Nach heutigem Kenntnisstand der Archäologie war die ortsfeste Landwirtschaft – die einen deutlich größeren Arbeitsaufwand erfordert und in ihrer ursprünglichen Form gegenüber der aneignenden Wirtschaftsform größere Risiken birgt – nicht die Ursache der Sesshaftigkeit, sondern ihre Folge.[2] Es lässt sich belegen, dass in der Levante (Westliches Vorderasien) – in der es erstmals in der Menschheitsgeschichte zur neolithischen Revolution (Kultureller Wandel in Folge der Entwicklung produzierender Wirtschaftsweisen) kam – bereits viele Jahrtausende vor der Jungsteinzeit im Epipaläolithikum zu ortsfesten Ansiedlungen kam. Dies ist nicht ungewöhnlich, da auch von rezenten spezialisierten Jägern und Sammlern mehr oder weniger sesshafte Lebensweisen bekannt sind (beispielsweise ermöglicht durch Fisch, Meeresfrüchte oder Wasserreis). Beispiele dafür sind die Fundstelle Ohalo II, deren Nutzung auf bis zu 18.550 v. Chr. datiert wird, und Kharaneh IV.

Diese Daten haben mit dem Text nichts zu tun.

lemma continuous_at_diameter_of_limit:
  fixes h :: "nat \<Rightarrow> complex \<Rightarrow> complex" and G :: "complex \<Rightarrow> complex" and u :: "real \<Rightarrow> complex"
    and q \<rho> :: real
  defines "\<Omega> \<equiv> upper_half_disc (of_real q) \<rho>" and "I \<equiv> {q - \<rho><..<q + \<rho>}"
  assumes hol: "\<And>n. h n holomorphic_on \<Omega>"
    and cont: "\<And>n. continuous_on (\<Omega> \<union> of_real ` I) (h n)"
    and bnd: "\<And>n z. z \<in> \<Omega> \<Longrightarrow> cmod (h n z) \<le> M"
    and lim: "\<And>z. z \<in> \<Omega> \<Longrightarrow> (\<lambda>m. h m z) \<longlonglongrightarrow> G z"
    and ulim: "uniform_limit I (\<lambda>n x. h n (of_real x)) u sequentially"
    and x0: "x0 \<in> I" and "e > 0"
  shows "\<exists>d>0. \<forall>z\<in>\<Omega> \<union> of_real ` I. dist z (of_real x0) < d \<longrightarrow>
    dist (if 0 < Im z then G z else u (Re z)) (u x0) < e"
proof -
  define e' where "e' = e / 6"
  have "e' > 0" unfolding e'_def using \<open>e > 0\<close> by simp
  then obtain N where N: "\<And>n x. N \<le> n \<Longrightarrow> x \<in> I \<Longrightarrow> cmod (h n (of_real x) - u x) < e'"
    using uniform_limitD[OF ulim] unfolding eventually_sequentially dist_norm by blast
  obtain d1 where d1: "d1 > 0" "\<And>z. z \<in> \<Omega> \<union> of_real ` I \<Longrightarrow> dist z (of_real x0) < d1 \<Longrightarrow>
      dist (h N z) (h N (of_real x0)) < e'"
    using cont[of N] x0 \<open>e' > 0\<close> unfolding continuous_on_iff by blast
  define K where "K = 64 / (\<rho> - \<bar>x0 - q\<bar>) * (2 * M + 2 * e')"
  have "q + \<i> * of_real (\<rho> / 2) \<in> \<Omega>"
    using x0 unfolding \<Omega>_def I_def upper_half_disc_def by (simp add: dist_norm norm_mult)
  then have "0 \<le> M" using bnd norm_ge_zero order_trans by blast
  then have "0 \<le> K" unfolding K_def using x0 \<open>e' > 0\<close> by (auto simp: I_def)
  define d where "d = min d1 (min ((\<rho> - \<bar>x0 - q\<bar>) / 8) (e' / (K + 1)))"
  have "d > 0" unfolding d_def using d1(1) x0 \<open>e' > 0\<close> \<open>0 \<le> K\<close> by (auto simp: I_def)
  moreover have "dist (if 0 < Im z then G z else u (Re z)) (u x0) < e"
    if z: "z \<in> \<Omega> \<union> of_real ` I" "dist z (of_real x0) < d" for z
  proof -
    \<comment> \<open>pass through h N: it is close to u at x0, continuous, and close to G near the diameter\<close>
    have step: "dist (h N z) (u x0) < 2 * e'"
      using d1(2)[OF z(1)] z(2) N[OF order_refl x0]
        dist_triangle[where x = "h N z" and y = "h N (of_real x0)" and z = "u x0"]
      by (simp add: d_def dist_norm)
    show ?thesis
    proof (cases "0 < Im z")
      case True
      have key: "cmod (h N z - G z) \<le> 2 * e' + K * Im z"
        using norm_diff_limit_near_diameter[OF hol[unfolded \<Omega>_def] cont[unfolded \<Omega>_def I_def]
            bnd[unfolded \<Omega>_def] lim[unfolded \<Omega>_def] less_imp_le[OF N[unfolded I_def]]
            order_refl x0[unfolded I_def] True] z(2)
        unfolding K_def d_def by (simp add: dist_norm)
      have "cmod (z - of_real x0) < e' / (K + 1)" using z(2) by (simp add: d_def dist_norm)
      then have "Im z < e' / (K + 1)"
        using abs_Im_le_cmod[of "z - of_real x0"] abs_ge_self[of "Im z"] by simp
      then have "K * Im z \<le> K * (e' / (K + 1))"
        using \<open>0 \<le> K\<close> by (intro mult_left_mono) auto
      also have "\<dots> < e'"
        using \<open>0 \<le> K\<close> \<open>e' > 0\<close> by (simp add: field_simps)
      finally show ?thesis
        using True step key dist_triangle[where x = "G z" and y = "h N z" and z = "u x0"] \<open>e > 0\<close>
        by (simp add: dist_norm norm_minus_commute e'_def)
    next
      case False
      then obtain x where x: "x \<in> I" "z = of_real x"
        using z(1) by (auto simp: \<Omega>_def upper_half_disc_def)
      then show ?thesis
        using False step N[OF order_refl x(1)] dist_triangle[where x = "u x" and y = "h N z" and z = "u x0"]
          \<open>e > 0\<close> by (simp add: dist_norm norm_minus_commute e'_def)
    qed
  qed
  ultimately show ?thesis by blast
qed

Entsprechend ist für den nachfolgenden Zeitraum eine ansteigende Anzahl vorübergehender Siedlungen nachzuweisen, wenn auch ohne Belege für eine gezielte Erzeugung von Nahrungsmitteln. Vielmehr führten wohl große Bestände von Gazellen und natürliche Felder mit Wildgetreide zu diesen ersten Ansiedlungen. Aus der Kebarien-Kultur ist für die Zeit zwischen 15.300 und 14.400 v. Chr. ein Begräbnisplatz nachgewiesen, der offenbar über längere Zeit gepflegt wurde. Ein Nachweis für Nahrungsmittelproduktion gibt es an dieser Stelle allerdings nicht. Die nachfolgende Natufien-Kultur nutzte steinerne Häuser, die zwar nur periodisch genutzt, aber zum Teil über Jahrhunderte hinweg immer wieder an den gleichen Stellen errichtet wurden.[3] Begünstigend auf die zeitweisen Natufien-Siedlungen wirkte das günstige Klima der Alleröd-Zwischeneiszeit (ca. 12. bis 10. vorchristliches Jahrtausend). Dadurch gedieh in der küstennahen Levante eine große Artenvielfalt und -dichte, die es den Menschen ermöglichte, ihre Schweifgebiete deutlich zu reduzieren und länger an einem Ort zu wohnen (Dies trifft auch auf einige Lebensräume des mittelsteinzeitlichen Europas zu).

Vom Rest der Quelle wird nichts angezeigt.